lemma matrix_right_inverse_imp_left_inverse_2:
  fixes A B :: "'a::comm_ring_1^2^2"
  assumes AB: "A ** B = mat 1"
  shows "B ** A = mat 1"
proof -
  \<comment> \<open>\<open>C\<close> is the adjugate of \<open>A\<close>, and \<open>det A\<close> is a unit since \<open>det A * det B = 1\<close>.\<close>
  define C :: "'a^2^2" where "C = vector [vector [A$2$2, - A$1$2], vector [- A$2$1, A$1$1]]"
  have mat_mult: "mat c ** X = (\<chi> i j. c * X $ i $ j)" for c and X :: "'a^2^2"
    by (simp add: vec_eq_iff forall_2 matrix_matrix_mult_def sum_2 mat_def)
  have CA: "C ** A = mat (det A)"
    by (simp add: C_def det_2 vec_eq_iff forall_2 matrix_matrix_mult_def sum_2 mat_def algebra_simps)
  have det_BA: "mat (det B) ** mat (det A) = (mat 1 :: 'a^2^2)"
  proof -
    have "det A * det B = 1" using det_mul[of A B] AB by simp
    then show ?thesis unfolding mat_mult by (simp add: mat_def vec_eq_iff mult.commute)
  qed
  have "C = mat (det A) ** B"
    by (metis AB CA matrix_mul_assoc matrix_mul_rid)
  then have "mat (det B) ** C ** A = B ** A"
    by (simp add: matrix_mul_assoc det_BA)
  moreover have "mat (det B) ** C ** A = mat 1"
    by (simp add: CA det_BA flip: matrix_mul_assoc)
  ultimately show ?thesis by simp
qed

lemma cscale_sum: "cscale c (sum f S) = (\<Sum>x\<in>S. cscale c (f x))"
  by (simp add: cscale_def vec_eq_iff sum_component sum_distrib_left)

lemma cscale_0_right [simp]: "cscale c 0 = 0"
  by (simp add: cscale_def vec_eq_iff)

lemma cscale_minus: "cscale (- c) A = - cscale c A"
  by (simp add: cscale_def vec_eq_iff)

lemma matrix_mul_cscale_right: "A ** cscale c B = cscale c (A ** B)"
  by (simp add: cscale_def vec_eq_iff matrix_matrix_mult_def sum_distrib_left algebra_simps)

lemma length_le_sum_list: "\<forall>m\<in>set ms. (1::nat) \<le> m \<Longrightarrow> length ms \<le> sum_list ms"
  by (induction ms) auto

lemma finite_compositions: "finite (compositions n j)"
proof (rule finite_subset)
  show "compositions n j \<subseteq> {ms. set ms \<subseteq> {0..n} \<and> length ms = j}"
    by (auto simp: compositions_def member_le_sum_list)
qed (simp add: finite_lists_length_eq)

lemma compositions_0_0: "compositions 0 0 = {[]}"
  by (auto simp: compositions_def)

lemma compositions_0_right: "n > 0 \<Longrightarrow> compositions n 0 = {}"
  by (auto simp: compositions_def)

lemma compositions_eq_empty: "j > n \<Longrightarrow> compositions n j = {}"
  using length_le_sum_list by (fastforce simp: compositions_def)

lemma compositions_Suc:
  "compositions n (Suc j) = (\<Union>m\<in>{1..n}. (#) m ` compositions (n - m) j)"
proof (rule set_eqI, rule iffI)
  fix ms assume "ms \<in> compositions n (Suc j)"
  then obtain m r where "ms = m # r" "1 \<le> m" "m + sum_list r = n" "r \<in> compositions (n - m) j"
    unfolding compositions_def by (cases ms) auto
  then show "ms \<in> (\<Union>m\<in>{1..n}. (#) m ` compositions (n - m) j)" by auto
qed (auto simp: compositions_def)

definition composition_sum :: "(nat \<Rightarrow> 'a::comm_semiring_1^'n^'n) \<Rightarrow> nat \<Rightarrow> nat \<Rightarrow> 'a^'n^'n" where
  "composition_sum W n j = (\<Sum>ms\<in>compositions n j. foldr (\<lambda>m A. W m ** A) ms (mat 1))"

lemma composition_sum_Suc:
  "composition_sum W n (Suc j) = (\<Sum>m=1..n. W m ** composition_sum W (n - m) j)"
proof -
  have "composition_sum W n (Suc j)
      = (\<Sum>m=1..n. \<Sum>ms\<in>(#) m ` compositions (n - m) j. foldr (\<lambda>m A. W m ** A) ms (mat 1))"
    unfolding composition_sum_def compositions_Suc
    by (rule sum.UNION_disjoint) (auto simp: finite_compositions)
  also have "\<dots> = (\<Sum>m=1..n. W m ** composition_sum W (n - m) j)"
    by (auto simp: sum.reindex composition_sum_def matrix_mul_sum_right intro!: sum.cong)
  finally show ?thesis .
qed

lemma composition_sum_eq_0: "j > n \<or> (n > 0 \<and> j = 0) \<Longrightarrow> composition_sum W n j = 0"
  by (auto simp: composition_sum_def compositions_eq_empty compositions_0_right)

definition neumann_coeff :: "(nat \<Rightarrow> complex^2^2) \<Rightarrow> nat \<Rightarrow> complex^2^2" where
  "neumann_coeff W n = (\<Sum>j=0..n. cscale ((-1)^j) (composition_sum W n j))"

lemma neumann_coeff_0: "neumann_coeff W 0 = mat 1"
  by (simp add: neumann_coeff_def composition_sum_def compositions_0_0 cscale_def mat_def vec_eq_iff)

lemma neumann_coeff_eq:
  "n \<ge> 1 \<Longrightarrow> neumann_coeff W n = (\<Sum>j=1..n. cscale ((-1) ^ j) (\<Sum>ms\<in>compositions n j. Wprod W ms))"
  unfolding neumann_coeff_def
  by (subst sum.atLeast_Suc_atMost) (auto simp: composition_sum_def compositions_0_right Wprod_def)

lemma neumann_coeff_extend:
  "n \<le> N \<Longrightarrow> (\<Sum>j=0..N. cscale ((-1)^j) (composition_sum W n j)) = neumann_coeff W n"
  unfolding neumann_coeff_def
  by (rule sum.mono_neutral_right) (auto simp: composition_sum_eq_0 cscale_def vec_eq_iff)

lemma neumann_coeff_rec:
  assumes "n \<ge> 1"
  shows "neumann_coeff W n + (\<Sum>m=1..n. W m ** neumann_coeff W (n - m)) = 0"
proof -
  obtain p where n: "n = Suc p" using assms by (cases n) auto
  let ?f = "\<lambda>j. cscale ((-1)^j) (composition_sum W n j)"
  have "neumann_coeff W n = ?f 0 + (\<Sum>j=Suc 0..Suc p. ?f j)"
    unfolding neumann_coeff_def n by (rule sum.atLeast_Suc_atMost) simp
  also have "\<dots> = (\<Sum>j=0..p. ?f (Suc j))"
    using n by (simp only: sum.shift_bounds_cl_Suc_ivl) (simp add: composition_sum_eq_0)
  also have "\<dots> = - (\<Sum>j=0..p. \<Sum>m=1..n. W m ** cscale ((-1)^j) (composition_sum W (n - m) j))"
    by (simp add: composition_sum_Suc cscale_sum cscale_minus matrix_mul_cscale_right sum_negf)
  also have "\<dots> = - (\<Sum>m=1..n. W m ** (\<Sum>j=0..p. cscale ((-1)^j) (composition_sum W (n - m) j)))"
    by (subst sum.swap) (simp add: matrix_mul_sum_right)
  also have "\<dots> = - (\<Sum>m=1..n. W m ** neumann_coeff W (n - m))"
    using n by (intro arg_cong[where f=uminus] sum.cong refl, subst neumann_coeff_extend) auto
  finally show ?thesis by simp
qed

definition mat_coeff :: "'a::zero fps^'n^'m \<Rightarrow> nat \<Rightarrow> 'a^'n^'m" where
  "mat_coeff F n = (\<chi> i j. fps_nth (F $ i $ j) n)"

lemma mat_coeff_inject: "(\<And>n. mat_coeff F n = mat_coeff G n) \<Longrightarrow> F = G"
  by (simp add: mat_coeff_def vec_eq_iff fps_eq_iff)

lemma mat_coeff_mult:
  "mat_coeff (F ** G) n = (\<Sum>t=0..n. mat_coeff F t ** mat_coeff G (n - t))"
proof -
  have "(\<Sum>k\<in>UNIV. \<Sum>t=0..n. fps_nth (F$i$k) t * fps_nth (G$k$j) (n - t))
      = (\<Sum>t=0..n. \<Sum>k\<in>UNIV. fps_nth (F$i$k) t * fps_nth (G$k$j) (n - t))" for i j
    by (rule sum.swap)
  then show ?thesis
    by (simp add: mat_coeff_def vec_eq_iff matrix_matrix_mult_def fps_sum_nth fps_mult_nth)
qed

lemma mat_coeff_add: "mat_coeff (F + G) n = mat_coeff F n + mat_coeff G n"
  by (simp add: mat_coeff_def vec_eq_iff)

lemma mat_coeff_diff: "mat_coeff (F - G) n = mat_coeff F n - mat_coeff G n"
  by (simp add: mat_coeff_def vec_eq_iff)

lemma mat_coeff_mat_1: "mat_coeff (mat 1) n = (if n = 0 then mat 1 else 0)"
  by (simp add: mat_coeff_def vec_eq_iff mat_def)

lemma mat_coeff_W_ser: "mat_coeff (W_ser W) n = (if n = 0 then 0 else W n)"
  by (simp add: mat_coeff_def vec_eq_iff W_ser_def)

lemma mat_coeff_lift_mat_mult: "mat_coeff (lift_mat A ** F) n = A ** mat_coeff F n"
  by (simp add: mat_coeff_def vec_eq_iff matrix_matrix_mult_def lift_mat_def fps_sum_nth)

definition neumann_ser :: "(nat \<Rightarrow> complex^2^2) \<Rightarrow> complex fps^2^2" where
  "neumann_ser W = (\<chi> i j. Abs_fps (\<lambda>n. neumann_coeff W n $ i $ j))"

lemma mat_coeff_neumann_ser: "mat_coeff (neumann_ser W) n = neumann_coeff W n"
  by (simp add: neumann_ser_def mat_coeff_def vec_eq_iff)

lemma neumann_ser_right_inverse: "(mat 1 + W_ser W) ** neumann_ser W = mat 1"
proof (rule mat_coeff_inject)
  fix n
  have "mat_coeff ((mat 1 + W_ser W) ** neumann_ser W) n
      = neumann_coeff W n + (\<Sum>t=1..n. W t ** neumann_coeff W (n - t))"
    unfolding mat_coeff_mult
    by (subst sum.atLeast_Suc_atMost)
       (auto simp: mat_coeff_add mat_coeff_mat_1 mat_coeff_W_ser mat_coeff_neumann_ser intro!: sum.cong)
  then show "mat_coeff ((mat 1 + W_ser W) ** neumann_ser W) n = mat_coeff (mat 1) n"
    using neumann_coeff_rec[of n W] by (cases "n = 0") (simp_all add: neumann_coeff_0 mat_coeff_mat_1)
qed

lemma matrix_inv_one_plus_W_ser: "matrix_inv (mat 1 + W_ser W) = neumann_ser W"
  using neumann_ser_right_inverse matrix_right_inverse_imp_left_inverse_2
  by (blast intro: matrix_inv_eq)

lemma one_plus_W_ser_mult_sigma3:
  assumes "\<And>n. 1 \<le> n \<Longrightarrow> off_diagonal (W n)"
  shows "(mat 1 + W_ser W) ** lift_mat sigma3 = lift_mat sigma3 ** (mat 1 - W_ser W)"
proof -
  have diag: "W_ser W $ i $ i = 0" for i
    using assms by (auto simp: W_ser_def fps_eq_iff off_diagonal_def)
  have minus_one: "fps_const (-1::complex) = -1"
    by (simp add: fps_eq_iff)
  have sigma3: "sigma3$1$1 = 1" "sigma3$1$2 = 0" "sigma3$2$1 = 0" "sigma3$2$2 = -1"
    by (simp_all add: sigma3_def)
  show ?thesis
    using diag[of 1] diag[of 2]
    by (simp add: sigma3 minus_one vec_eq_iff forall_2 matrix_matrix_mult_def sum_2 lift_mat_def
        mat_def del: fps_const_neg)
qed

definition sigma3_conjugate :: "(nat \<Rightarrow> complex^2^2) \<Rightarrow> complex fps^2^2" where
  "sigma3_conjugate W = (mat 1 + W_ser W) ** lift_mat sigma3 ** matrix_inv (mat 1 + W_ser W)"

lemma mat_coeff_sigma3_conjugate:
  assumes "\<And>n. 1 \<le> n \<Longrightarrow> off_diagonal (W n)"
  shows "mat_coeff (sigma3_conjugate W) n
       = sigma3 ** (neumann_coeff W n + neumann_coeff W n - (if n = 0 then mat 1 else 0))"
proof -
  let ?N = "neumann_ser W"
  have "?N + W_ser W ** ?N = mat 1"
    using neumann_ser_right_inverse[of W] by (simp add: matrix_add_rdistrib)
  then have "W_ser W ** ?N = mat 1 - ?N"
    by (metis add_diff_cancel_left')
  then have "(mat 1 - W_ser W) ** ?N = ?N + ?N - mat 1"
    by (simp add: matrix_diff_rdistrib)
  then have "sigma3_conjugate W = lift_mat sigma3 ** (?N + ?N - mat 1)"
    unfolding sigma3_conjugate_def
    by (simp only: one_plus_W_ser_mult_sigma3[OF assms] matrix_inv_one_plus_W_ser
        flip: matrix_mul_assoc)
  then show ?thesis
    by (simp only: mat_coeff_lift_mat_mult mat_coeff_add mat_coeff_diff mat_coeff_mat_1 mat_coeff_neumann_ser)
qed

lemma fps_nth_geometric_mult_0:
  "fps_nth (inverse (1 - fps_const lam * fps_X) * f) 0 = fps_nth (f::'a::field fps) 0"
  by (simp add: fps_mult_nth)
++++++++++++++++++++
Make a copy of each line in the records above that has the word "thesis".

COMPLETED TASK:
    then show ?thesis unfolding mat_mult by (simp add: mat_def vec_eq_iff mult.commute)
  ultimately show ?thesis by simp
  finally show ?thesis .
  finally show ?thesis by simp
  then show ?thesis
  show ?thesis
  then show ?thesis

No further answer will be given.